Geneva, November 24, 2011 – Today the International Federation of Red Cross and Red Crescent Societies (IFRC) held a special award ceremony during the 18th General Assembly in Geneva, Switzerland, to honour volunteers for their remarkable actions in the humanitarian field.

Ms. Geri Lau, IFRC's head of organizational development, said: “Volunteers are the ones who make time for others and put themselves out there everyday, often risking their lives for the sake of humanity. Recognizing their altruistic efforts is of primary importance for us.”

Since 2003, the Henry Davison award, named after the IFRC’s founder, has been granted to outstanding individuals and National Societies for their valuable work towards improving the lives of the most vulnerable through initiatives that build the capacity of National Societies, and for their lifetime dedication to voluntary service.
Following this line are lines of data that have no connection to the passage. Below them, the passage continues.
lemma convex_on_norm_diff_square_minus:
  fixes x :: "'a::real_inner"
  assumes "c \<le> 1"
  shows "convex_on UNIV (\<lambda>y. norm (x - y)^2 - c * norm y^2)"
  unfolding convex_on_def
proof (intro conjI convex_UNIV ballI allI impI)
  fix y1 y2 :: 'a and u v :: real
  assume uv: "0 \<le> u" "0 \<le> v" "u + v = 1"
  then have v: "v = 1 - u" by simp
  have "u * (norm (x - y1)^2 - c * norm y1^2) + v * (norm (x - y2)^2 - c * norm y2^2)
      - (norm (x - (u *\<^sub>R y1 + v *\<^sub>R y2))^2 - c * norm (u *\<^sub>R y1 + v *\<^sub>R y2)^2)
      = u * v * (1 - c) * norm (y1 - y2)^2"
    unfolding v power2_norm_eq_inner
    by (simp add: inner_commute algebra_simps power2_eq_square)
  moreover have "0 \<le> u * v * (1 - c) * norm (y1 - y2)^2"
    using assms uv by simp
  ultimately show "norm (x - (u *\<^sub>R y1 + v *\<^sub>R y2))^2 - c * norm (u *\<^sub>R y1 + v *\<^sub>R y2)^2
      \<le> u * (norm (x - y1)^2 - c * norm y1^2) + v * (norm (x - y2)^2 - c * norm y2^2)"
    by linarith
qed

lemma C2_on_power2:
  assumes "C2_on S f"
  shows "C2_on S (\<lambda>t. (f t)^2)"
proof -
  obtain f' f'' where d1: "\<And>t. t \<in> S \<Longrightarrow> (f has_real_derivative f' t) (at t)"
    and d2: "\<And>t. t \<in> S \<Longrightarrow> (f' has_real_derivative f'' t) (at t)"
    and cont: "continuous_on S f''"
    using assms unfolding C2_on_def by blast
  have "((\<lambda>t. (f t)^2) has_real_derivative 2 * f t * f' t) (at t)"
    "((\<lambda>t. 2 * f t * f' t) has_real_derivative 2 * (f' t * f' t + f t * f'' t)) (at t)"
    if "t \<in> S" for t
    using d1[OF that] d2[OF that] by (auto intro!: derivative_eq_intros simp: algebra_simps)
  moreover have "continuous_on S (\<lambda>t. 2 * (f' t * f' t + f t * f'' t))"
    using has_real_derivative_imp_continuous_on[OF d1] has_real_derivative_imp_continuous_on[OF d2]
      cont by (intro continuous_intros)
  ultimately show ?thesis
    unfolding C2_on_def
    by (intro exI[of _ "\<lambda>t. 2 * f t * f' t"] exI[of _ "\<lambda>t. 2 * (f' t * f' t + f t * f'' t)"])
      blast
qed
(* Let $P_n(x)$ be a real polynomial all of whose roots are real, with distinct roots $p_1<\dots<p_m$ of multiplicities $r_1,\dots,r_m$. Then $$Z=\sum_{1\le i<j\le m}\frac{r_j^{-1}-r_i^{-1}}{p_j-p_i}$$ is a rational function of the coefficients of $P_n(x)$. *)

theory Defs
  imports Complex_Main "HOL-Computational_Algebra.Polynomial" "HOL-Library.Multiset"
begin

definition poly_fun :: "nat \<Rightarrow> ((nat \<Rightarrow> real) \<Rightarrow> real) \<Rightarrow> bool" where
  "poly_fun N f \<longleftrightarrow>
     (\<exists>(E :: (nat \<Rightarrow> nat) set) (c :: (nat \<Rightarrow> nat) \<Rightarrow> real).
        finite E \<and> (\<forall>a. f a = (\<Sum>\<alpha>\<in>E. c \<alpha> * (\<Prod>i<N. a i ^ \<alpha> i))))"

definition real_rooted :: "real poly \<Rightarrow> bool" where
  "real_rooted P \<longleftrightarrow> (\<forall>z::complex. poly (map_poly of_real P) z = 0 \<longrightarrow> z \<in> \<real>)"

definition root_set :: "real poly \<Rightarrow> real set" where
  "root_set P = {x. poly P x = 0}"

definition mult_pattern :: "real poly \<Rightarrow> nat multiset" where
  "mult_pattern P = image_mset (\<lambda>x. order x P) (mset_set (root_set P))"

definition Zsum :: "real poly \<Rightarrow> real" where
  "Zsum P = (\<Sum>p\<in>root_set P. \<Sum>q\<in>root_set P.
      if p < q then (1 / real (order q P) - 1 / real (order p P)) / (q - p) else 0)"

end

theory Submission
  imports Defs "Jordan_Normal_Form.Determinant" "HOL-Computational_Algebra.Fundamental_Theorem_Algebra"
begin
(* Let $(X^{(t)})_{t \in \mathbb{N}}$ be a sequence of real-valued random variables with bounded range, and let $(Y^{(t)})_{t \in \mathbb{N}}$ be a sequence of real-valued random variables that are zero-mean, range-bounded, and independent and identically distributed. Suppose the sequences $(X^{(t)})_{t \in \mathbb{N}}$ and $(Y^{(t)})_{t \in \mathbb{N}}$ are independent of each other. Define $Z^{(t)} \coloneqq X^{(t)} Y^{(t)}$. Then \[ \lim_{k \to \infty} \frac{1}{k+1}\sum_{t=0}^{k} Z^{(t)} = 0 \quad \text{almost surely.} \]
   Context: All random variables are defined on a common probability space. "Bounded range" means the random variables take values in a bounded subset of $\mathbb{R}$. *)

theory Defs
  imports "HOL-Probability.Probability"
begin

end

theory Submission
  imports Defs "HOL-Library.Discrete_Functions"
begin

text \<open>
  The products \<open>Z\<^sub>t = X\<^sub>t Y\<^sub>t\<close> are uniformly bounded and pairwise orthogonal: for \<open>a \<noteq> b\<close>,
  independence of the two sequences factors \<open>E[Z\<^sub>a Z\<^sub>b]\<close> as \<open>E[X\<^sub>a X\<^sub>b] E[Y\<^sub>a Y\<^sub>b]\<close>, and
  \<open>E[Y\<^sub>a Y\<^sub>b] = E[Y\<^sub>a] E[Y\<^sub>b] = 0\<close>. For orthogonal variables bounded by \<open>K\<close> the partial
  sums \<open>S\<^sub>n\<close> satisfy \<open>E[S\<^sub>n\<^sup>2] \<le> (n+1) K\<^sup>2\<close>, so along the squares \<open>n = r\<^sup>2 - 1\<close> the
  expectations of \<open>(S\<^sub>n/r\<^sup>2)\<^sup>2\<close> are summable and \<open>S\<^sub>n/r\<^sup>2 \<rightarrow> 0\<close> almost surely. Between two
  consecutive squares the partial sums move by at most \<open>2rK\<close>, which is \<open>o(r\<^sup>2)\<close>
  (Rajchman's argument).
\<close>

lemma abs_diff_le_of_bounded_increments:
  fixes s :: "nat \<Rightarrow> real"
  assumes step: "\<And>k. \<bar>s (Suc k) - s k\<bar> \<le> K"
  shows "\<bar>s (j + d) - s j\<bar> \<le> K * real d"
proof (induction d)
  case 0
  then show ?case by simp
next
  case (Suc d)
  have "\<bar>s (j + Suc d) - s j\<bar> \<le> \<bar>s (Suc (j + d)) - s (j + d)\<bar> + \<bar>s (j + d) - s j\<bar>"
    by simp
  also have "\<dots> \<le> K + K * real d"
    using step[of "j + d"] Suc by linarith
  finally show ?case
    by (simp add: algebra_simps)
qed

lemma average_le_square_average:
  fixes s :: "nat \<Rightarrow> real"
  assumes step: "\<And>k. \<bar>s (Suc k) - s k\<bar> \<le> K"
    and r: "1 \<le> r" "r\<^sup>2 \<le> k + 1" "k + 1 < (Suc r)\<^sup>2"
  shows "\<bar>s k / real (k + 1)\<bar> \<le> \<bar>s (r\<^sup>2 - 1) / real (r\<^sup>2)\<bar> + 2 * K / real r"
proof -
  define j where "j = r\<^sup>2 - 1"
  have K: "0 \<le> K"
    using step[of 0] by linarith
  have "real (r\<^sup>2) \<le> real (k + 1)"
    using r(2) by (simp only: of_nat_le_iff)
  have "j \<le> k" and "k - j \<le> 2 * r"
    using r by (auto simp: j_def power2_eq_square)
  then have "\<bar>s k - s j\<bar> \<le> K * real (k - j)"
    using abs_diff_le_of_bounded_increments[of s K j "k - j", OF step] by simp
  also have "\<dots> \<le> K * (2 * real r)"
    using \<open>k - j \<le> 2 * r\<close> K by (intro mult_left_mono) auto
  finally have "\<bar>s k\<bar> / real (k + 1) \<le> \<bar>s j\<bar> / real (k + 1) + 2 * K * real r / real (k + 1)"
    by (simp add: add_divide_distrib[symmetric] divide_right_mono)
  also have "\<dots> \<le> \<bar>s j\<bar> / real (r\<^sup>2) + 2 * K * real r / real (r\<^sup>2)"
    using r K \<open>real (r\<^sup>2) \<le> real (k + 1)\<close> by (intro add_mono divide_left_mono) auto
  also have "2 * K * real r / real (r\<^sup>2) = 2 * K / real r"
    using r by (simp add: power2_eq_square)
  finally show ?thesis
    by (simp add: j_def)
qed

lemma averages_tendsto_zero_if_square_averages:
  fixes s :: "nat \<Rightarrow> real"
  assumes step: "\<And>k. \<bar>s (Suc k) - s k\<bar> \<le> K"
    and squares: "(\<lambda>r. s (r\<^sup>2 - 1) / real (r\<^sup>2)) \<longlonglongrightarrow> 0"
  shows "(\<lambda>k. s k / real (k + 1)) \<longlonglongrightarrow> 0"
proof -
  define b where "b r = \<bar>s (r\<^sup>2 - 1) / real (r\<^sup>2)\<bar> + 2 * K / real r" for r
  have "b \<longlonglongrightarrow> 0"
    unfolding b_def
    using tendsto_add[OF tendsto_rabs_zero[OF squares] tendsto_divide_0[OF tendsto_const
          filterlim_at_top_imp_at_infinity[OF filterlim_real_sequentially]]]
    by simp
  moreover have "filterlim (\<lambda>k. floor_sqrt (k + 1)) at_top sequentially"
    unfolding filterlim_at_top eventually_sequentially
  proof
    fix Z :: nat
    show "\<exists>N. \<forall>k\<ge>N. Z \<le> floor_sqrt (k + 1)"
      by (intro exI[of _ "Z\<^sup>2"]) (auto intro!: le_floor_sqrtI)
  qed
  ultimately have b_sqrt: "(\<lambda>k. b (floor_sqrt (k + 1))) \<longlonglongrightarrow> 0"
    by (rule filterlim_compose)
  have bound: "norm (s k / real (k + 1)) \<le> b (floor_sqrt (k + 1))" for k
    unfolding b_def real_norm_def
  proof (rule average_le_square_average[of s K, OF step])
    show "1 \<le> floor_sqrt (k + 1)"
      by (simp add: le_floor_sqrtI)
    show "(floor_sqrt (k + 1))\<^sup>2 \<le> k + 1"
      by simp
    show "k + 1 < (Suc (floor_sqrt (k + 1)))\<^sup>2"
      by (rule Suc_floor_sqrt_power2_gt)
  qed
  show ?thesis
    by (rule Lim_null_comparison[OF always_eventually b_sqrt]) (use bound in blast)
qed

lemma (in prob_space) AE_summable_if_summable_expectation:
  fixes f :: "nat \<Rightarrow> 'a \<Rightarrow> real"
  assumes [measurable]: "\<And>i. f i \<in> borel_measurable M"
    and nonneg: "\<And>i x. 0 \<le> f i x"
    and integrable: "\<And>i. integrable M (f i)"
    and summable: "summable (\<lambda>i. expectation (f i))"
  shows "AE x in M. summable (\<lambda>i. f i x)"
proof -
  have "(\<integral>\<^sup>+x. (\<Sum>i. ennreal (f i x)) \<partial>M) = (\<Sum>i. \<integral>\<^sup>+x. ennreal (f i x) \<partial>M)"
    by (intro nn_integral_suminf) auto
  also have "\<dots> = (\<Sum>i. ennreal (expectation (f i)))"
    by (intro arg_cong[where f=suminf] ext nn_integral_eq_integral integrable) (auto simp: nonneg)
  also have "\<dots> \<noteq> top"
    by (intro ennreal_suminf_neq_top summable integral_nonneg_AE) (auto simp: nonneg)
  finally have "AE x in M. (\<Sum>i. ennreal (f i x)) \<noteq> \<infinity>"
    by (intro nn_integral_PInf_AE) auto
  then show ?thesis
    by eventually_elim (auto intro: summable_suminf_not_top nonneg)
qed

lemma (in finite_measure) integrable_mult_of_bounded:
  fixes f g :: "'a \<Rightarrow> real"
  assumes [measurable]: "f \<in> borel_measurable M" "g \<in> borel_measurable M"
    and f_bounded: "\<And>x. x \<in> space M \<Longrightarrow> \<bar>f x\<bar> \<le> B"
    and g_bounded: "\<And>x. x \<in> space M \<Longrightarrow> \<bar>g x\<bar> \<le> C"
  shows "integrable M (\<lambda>x. f x * g x)"
proof (rule integrable_const_bound[where B="B * C"])
  show "AE x in M. norm (f x * g x) \<le> B * C"
    using f_bounded g_bounded by (intro AE_I2) (auto simp: abs_mult intro: mult_mono order_trans[OF abs_ge_zero])
qed simp

lemma (in prob_space) expectation_square_sum_orthogonal:
  fixes Z :: "'i \<Rightarrow> 'a \<Rightarrow> real"
  assumes "finite I"
    and integrable: "\<And>a b. a \<in> I \<Longrightarrow> b \<in> I \<Longrightarrow> integrable M (\<lambda>x. Z a x * Z b x)"
    and orthogonal: "\<And>a b. a \<in> I \<Longrightarrow> b \<in> I \<Longrightarrow> a \<noteq> b \<Longrightarrow> expectation (\<lambda>x. Z a x * Z b x) = 0"
  shows "expectation (\<lambda>x. (\<Sum>t\<in>I. Z t x)\<^sup>2) = (\<Sum>t\<in>I. expectation (\<lambda>x. (Z t x)\<^sup>2))"
proof -
  have "expectation (\<lambda>x. (\<Sum>t\<in>I. Z t x)\<^sup>2) = (\<Sum>a\<in>I. \<Sum>b\<in>I. expectation (\<lambda>x. Z a x * Z b x))"
    unfolding power2_eq_square sum_product by (simp add: integrable integrable_sum)
  also have "\<dots> = (\<Sum>a\<in>I. \<Sum>b\<in>I. if a = b then expectation (\<lambda>x. (Z a x)\<^sup>2) else 0)"
    by (intro sum.cong refl) (auto simp: orthogonal power2_eq_square)
  finally show ?thesis
    using \<open>finite I\<close> by simp
qed

lemma (in prob_space) AE_averages_tendsto_zero_if_orthogonal_bounded:
  fixes Z :: "nat \<Rightarrow> 'a \<Rightarrow> real"
  assumes [measurable]: "\<And>t. Z t \<in> borel_measurable M"
    and bounded: "\<And>t x. x \<in> space M \<Longrightarrow> \<bar>Z t x\<bar> \<le> K"
    and orthogonal: "\<And>a b. a \<noteq> b \<Longrightarrow> expectation (\<lambda>x. Z a x * Z b x) = 0"
  shows "AE x in M. (\<lambda>k. (\<Sum>t\<le>k. Z t x) / real (k + 1)) \<longlonglongrightarrow> 0"
proof -
  define S where "S n x = (\<Sum>t\<le>n. Z t x)" for n x
  define f where "f r x = (S (r\<^sup>2 - 1) x / real (r\<^sup>2))\<^sup>2" for r x
  have [measurable]: "f r \<in> borel_measurable M" for r
    unfolding f_def S_def by measurable
  obtain x0 where "x0 \<in> space M"
    using not_empty by blast
  then have K: "0 \<le> K"
    using bounded abs_ge_zero order_trans by blast
  have integrable_Z: "integrable M (\<lambda>x. Z a x * Z b x)" for a b
    using bounded by (intro integrable_mult_of_bounded) auto
  have second_moment: "expectation (\<lambda>x. (S n x)\<^sup>2) \<le> real (n + 1) * K\<^sup>2" for n
  proof -
    have "expectation (\<lambda>x. (S n x)\<^sup>2) = (\<Sum>t\<le>n. expectation (\<lambda>x. (Z t x)\<^sup>2))"
      unfolding S_def by (intro expectation_square_sum_orthogonal integrable_Z orthogonal) auto
    also have "\<dots> \<le> (\<Sum>t\<le>n. K\<^sup>2)"
      using bounded K integrable_Z[of t t for t]
      by (intro sum_mono integral_le_const AE_I2) (auto simp: power2_le_iff_abs_le simp flip: power2_eq_square)
    finally show ?thesis
      by simp
  qed
  have expectation_f: "expectation (f r) \<le> K\<^sup>2 / (real r)\<^sup>2" for r
  proof (cases "r = 0")
    case False
    have "expectation (f r) = expectation (\<lambda>x. (S (r\<^sup>2 - 1) x)\<^sup>2) / (real r) ^ 4"
      unfolding f_def power_divide by (simp flip: power_mult)
    also have "\<dots> \<le> real (r\<^sup>2 - 1 + 1) * K\<^sup>2 / (real r) ^ 4"
      by (intro divide_right_mono second_moment) simp
    also have "\<dots> = K\<^sup>2 / (real r)\<^sup>2"
      using False by (simp add: of_nat_diff field_simps flip: power_mult)
    finally show ?thesis .
  qed (simp add: f_def[abs_def])
  have "summable (\<lambda>r. expectation (f r))"
  proof (rule summable_comparison_test)
    show "\<exists>N. \<forall>r\<ge>N. norm (expectation (f r)) \<le> K\<^sup>2 / (real r)\<^sup>2"
      using expectation_f by (auto simp: f_def intro!: integral_nonneg_AE)
    show "summable (\<lambda>r. K\<^sup>2 / (real r)\<^sup>2)"
      using summable_mult[OF inverse_power_summable[of 2], of "K\<^sup>2"] by (simp add: field_simps)
  qed
  then have "AE x in M. summable (\<lambda>r. f r x)"
  proof (rule AE_summable_if_summable_expectation[rotated 3])
    show "integrable M (f r)" for r
      using integrable_Z unfolding f_def S_def power_divide power2_eq_square sum_product
      by (simp add: integrable_sum)
  qed (auto simp: f_def)
  with AE_space show ?thesis
  proof eventually_elim
    case (elim x)
    have step: "\<bar>S (Suc k) x - S k x\<bar> \<le> K" for k
      using bounded[OF elim(1)] by (simp add: S_def)
    have "(\<lambda>r. f r x) \<longlonglongrightarrow> 0"
      using elim(2) by (rule summable_LIMSEQ_zero)
    then have "(\<lambda>r. sqrt (f r x)) \<longlonglongrightarrow> sqrt 0"
      by (rule tendsto_real_sqrt)
    then have "(\<lambda>r. \<bar>S (r\<^sup>2 - 1) x / real (r\<^sup>2)\<bar>) \<longlonglongrightarrow> 0"
      by (simp add: f_def)
    then have "(\<lambda>r. S (r\<^sup>2 - 1) x / real (r\<^sup>2)) \<longlonglongrightarrow> 0"
      by (rule tendsto_rabs_zero_cancel)
    with step have "(\<lambda>k. S k x / real (k + 1)) \<longlonglongrightarrow> 0"
      by (rule averages_tendsto_zero_if_square_averages)
    then show "(\<lambda>k. (\<Sum>t\<le>k. Z t x) / real (k + 1)) \<longlonglongrightarrow> 0"
      by (simp only: S_def)
  qed
qed

lemma (in prob_space) orthogonal_products_indep_zero_mean:
  fixes X Y :: "'i \<Rightarrow> 'a \<Rightarrow> real"
  assumes X_rv[measurable]: "\<And>t. X t \<in> borel_measurable M"
    and Y_rv[measurable]: "\<And>t. Y t \<in> borel_measurable M"
    and X_bounded: "\<And>t x. x \<in> space M \<Longrightarrow> \<bar>X t x\<bar> \<le> B"
    and Y_bounded: "\<And>t x. x \<in> space M \<Longrightarrow> \<bar>Y t x\<bar> \<le> C"
    and Y_indep: "indep_vars (\<lambda>_. borel) Y UNIV"
    and Y_mean: "\<And>t. expectation (Y t) = 0"
    and XY_indep: "indep_var
        (Pi\<^sub>M UNIV (\<lambda>_. borel)) (\<lambda>x t. X t x) (Pi\<^sub>M UNIV (\<lambda>_. borel)) (\<lambda>x t. Y t x)"
    and "a \<noteq> b"
  shows "expectation (\<lambda>x. (X a x * Y a x) * (X b x * Y b x)) = 0"
proof -
  have "(\<lambda>f. f a * f b) \<in> Pi\<^sub>M UNIV (\<lambda>_. borel) \<rightarrow>\<^sub>M (borel :: real measure)"
    by measurable
  then have "indep_var borel (\<lambda>x. X a x * X b x) borel (\<lambda>x. Y a x * Y b x)"
    using indep_var_compose[OF XY_indep, of "\<lambda>f. f a * f b" borel "\<lambda>f. f a * f b" borel]
    by (simp add: comp_def)
  then have "expectation (\<lambda>x. (X a x * X b x) * (Y a x * Y b x))
      = expectation (\<lambda>x. X a x * X b x) * expectation (\<lambda>x. Y a x * Y b x)"
    using integrable_mult_of_bounded[OF X_rv X_rv X_bounded X_bounded]
      integrable_mult_of_bounded[OF Y_rv Y_rv Y_bounded Y_bounded]
    by (rule indep_var_lebesgue_integral)
  moreover have "integrable M (Y t)" for t
    using Y_bounded by (intro integrable_const_bound[where B=C]) auto
  then have "expectation (\<lambda>x. \<Prod>t\<in>{a, b}. Y t x) = (\<Prod>t\<in>{a, b}. expectation (Y t))"
    by (intro indep_vars_lebesgue_integral indep_vars_subset[OF Y_indep]) auto
  ultimately show ?thesis
    using \<open>a \<noteq> b\<close> by (simp add: Y_mean ac_simps)
qed

theorem mainTheorem1:
  fixes M :: "'a measure" and X Y :: "nat \<Rightarrow> 'a \<Rightarrow> real"
  assumes "prob_space M"
    and X_rv: "\<And>t. X t \<in> borel_measurable M"
    and X_bdd: "\<exists>B. \<forall>t. \<forall>\<omega>\<in>space M. \<bar>X t \<omega>\<bar> \<le> B"
    and Y_rv: "\<And>t. Y t \<in> borel_measurable M"
    and Y_bdd: "\<exists>B. \<forall>t. \<forall>\<omega>\<in>space M. \<bar>Y t \<omega>\<bar> \<le> B"
    and Y_indep: "prob_space.indep_vars M (\<lambda>_. borel) Y UNIV"
    and Y_ident: "\<And>t. distr M borel (Y t) = distr M borel (Y 0)"
    and Y_mean: "\<And>t. prob_space.expectation M (Y t) = 0"
    and XY_indep: "prob_space.indep_var M
        (Pi\<^sub>M UNIV (\<lambda>_. borel)) (\<lambda>\<omega> t. X t \<omega>)
        (Pi\<^sub>M UNIV (\<lambda>_. borel)) (\<lambda>\<omega> t. Y t \<omega>)"
  shows "AE \<omega> in M.
    (\<lambda>k. (\<Sum>t\<le>k. X t \<omega> * Y t \<omega>) / real (k + 1)) \<longlonglongrightarrow> 0"
proof -
  interpret prob_space M by fact
  obtain B where B: "\<And>t \<omega>. \<omega> \<in> space M \<Longrightarrow> \<bar>X t \<omega>\<bar> \<le> B"
    using X_bdd by blast
  obtain C where C: "\<And>t \<omega>. \<omega> \<in> space M \<Longrightarrow> \<bar>Y t \<omega>\<bar> \<le> C"
    using Y_bdd by blast
  show ?thesis
  proof (rule AE_averages_tendsto_zero_if_orthogonal_bounded)
    show "(\<lambda>\<omega>. X t \<omega> * Y t \<omega>) \<in> borel_measurable M" for t
      using X_rv Y_rv by measurable
    show "\<bar>X t \<omega> * Y t \<omega>\<bar> \<le> B * C" if "\<omega> \<in> space M" for t \<omega>
      unfolding abs_mult using B[OF that] C[OF that]
      by (intro mult_mono) (auto intro: order_trans[OF abs_ge_zero])
    show "expectation (\<lambda>\<omega>. (X a \<omega> * Y a \<omega>) * (X b \<omega> * Y b \<omega>)) = 0" if "a \<noteq> b" for a b
      using orthogonal_products_indep_zero_mean[OF X_rv Y_rv B C Y_indep Y_mean XY_indep that] .
  qed
qed

end
(* Let a graph grammar (a finite set of substitutions $Sub_i=(\Gamma_i,\Gamma_i',V_{i,0},\varphi_i)$, $i=1,\dots,r$) be local, locally bounded and respect connectivity, and let $n$ be sufficiently large, with $G(0)\in GC_n$. Then the grammar is metrically bounded from above: there exists a constant $C=C(n)>0$ such that for each spin graph $\alpha=(G,s)$ (with $G\in GC_n$), each pair of vertices $x,y\in V(G)$ and each transformation $T=T(Sub_i,\psi)$ applicable to $\alpha$, $$d_{TG}(x,y)\le d_G(x,y)+C,$$ where $TG$ denotes the graph of $T\alpha$.
   Context: Graphs are non-directed, connected, with at most one edge between any two vertices and every vertex of finite degree. $GF_n$ (resp. $GC_n$) is the set of finite (resp. countable) such graphs in which every vertex has degree at most $n$. $d_G(x,y)$ is the graph distance (minimal number of edges of a path from $x$ to $y$) in $G$. A spin graph is a pair $\alpha=(G,s)$ with $s:V(G)\to S$ for a fixed alphabet $S$. A substitution rule $Sub=(\Gamma,\Gamma',V_0,\varphi)$ consists of two finite spin graphs $\Gamma,\Gamma'$, a subset $V_0\subset V(\Gamma)$ and a map $\varphi:V_0\to V(\Gamma')$ ($V_0$ and $\Gamma'$ may be empty). Given an isomorphism of spin graphs $\psi:\Gamma\to\Gamma_1$ onto a spin subgraph $\Gamma_1$ of $\alpha$, the transformation $T(Sub,\psi)\alpha$ is obtained by: taking the disjoint union of $\alpha$ and $\Gamma'$, deleting all links of $\Gamma_1$, deleting all vertices of $\psi(V(\Gamma))\setminus\psi(V_0)$ together with their incident links, and identifying each $\psi(v)$, $v\in V_0$, with $\varphi(v)\in V(\Gamma')$; spins outside $\Gamma_1$ are inherited from $\alpha$ and on $V(\Gamma')$ from $\Gamma'$. A graph grammar is a finite set of substitutions; it is local if every $\Gamma_i$ is connected; it is locally bounded if, for all sufficiently large $n$, the sets $GF_n$ and $GC_n$ are invariant under all its substitutions; it respects connectivity if $T(Sub_i,\psi)\alpha$ is connected whenever $\alpha$ is connected, for all possible $i,\psi$. *)

theory Defs
  imports Main "HOL-Library.Extended_Nat" "HOL-Library.Countable_Set"
begin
Two distinguished contributors to the IFRC’s mission have been honoured with the Henry Davison Award this year: Dr. Kee-Sun Ham, Founder and President of Hanseo University and member of the Republic of Korea National Red Cross committee, and Dr. Ivan Usichenko, president of the Ukranian Red Cross Society.

Youth as agents of change

Red Cross Red Crescent National Societies have also been rewarded for outstanding programs enhancing the role of youth as agents of change in their communities.

The Costa Rica Red Cross was recognized for its creative initiative, after creating an online radio station run by the Costa Rica Red Cross Youth. This was seen as a powerful communication tool that reaches the youth by speaking its language.

The Bulgarian Red Cross won an award for bringing together young people from different ethnic origins in initiatives that promote integration among themselves and within communities.

The Irish Red Cross was commended for approaching HIV/AIDS stigma elimination and prevention, taking into account the effect religious beliefs may have on young people’s perception of the issue.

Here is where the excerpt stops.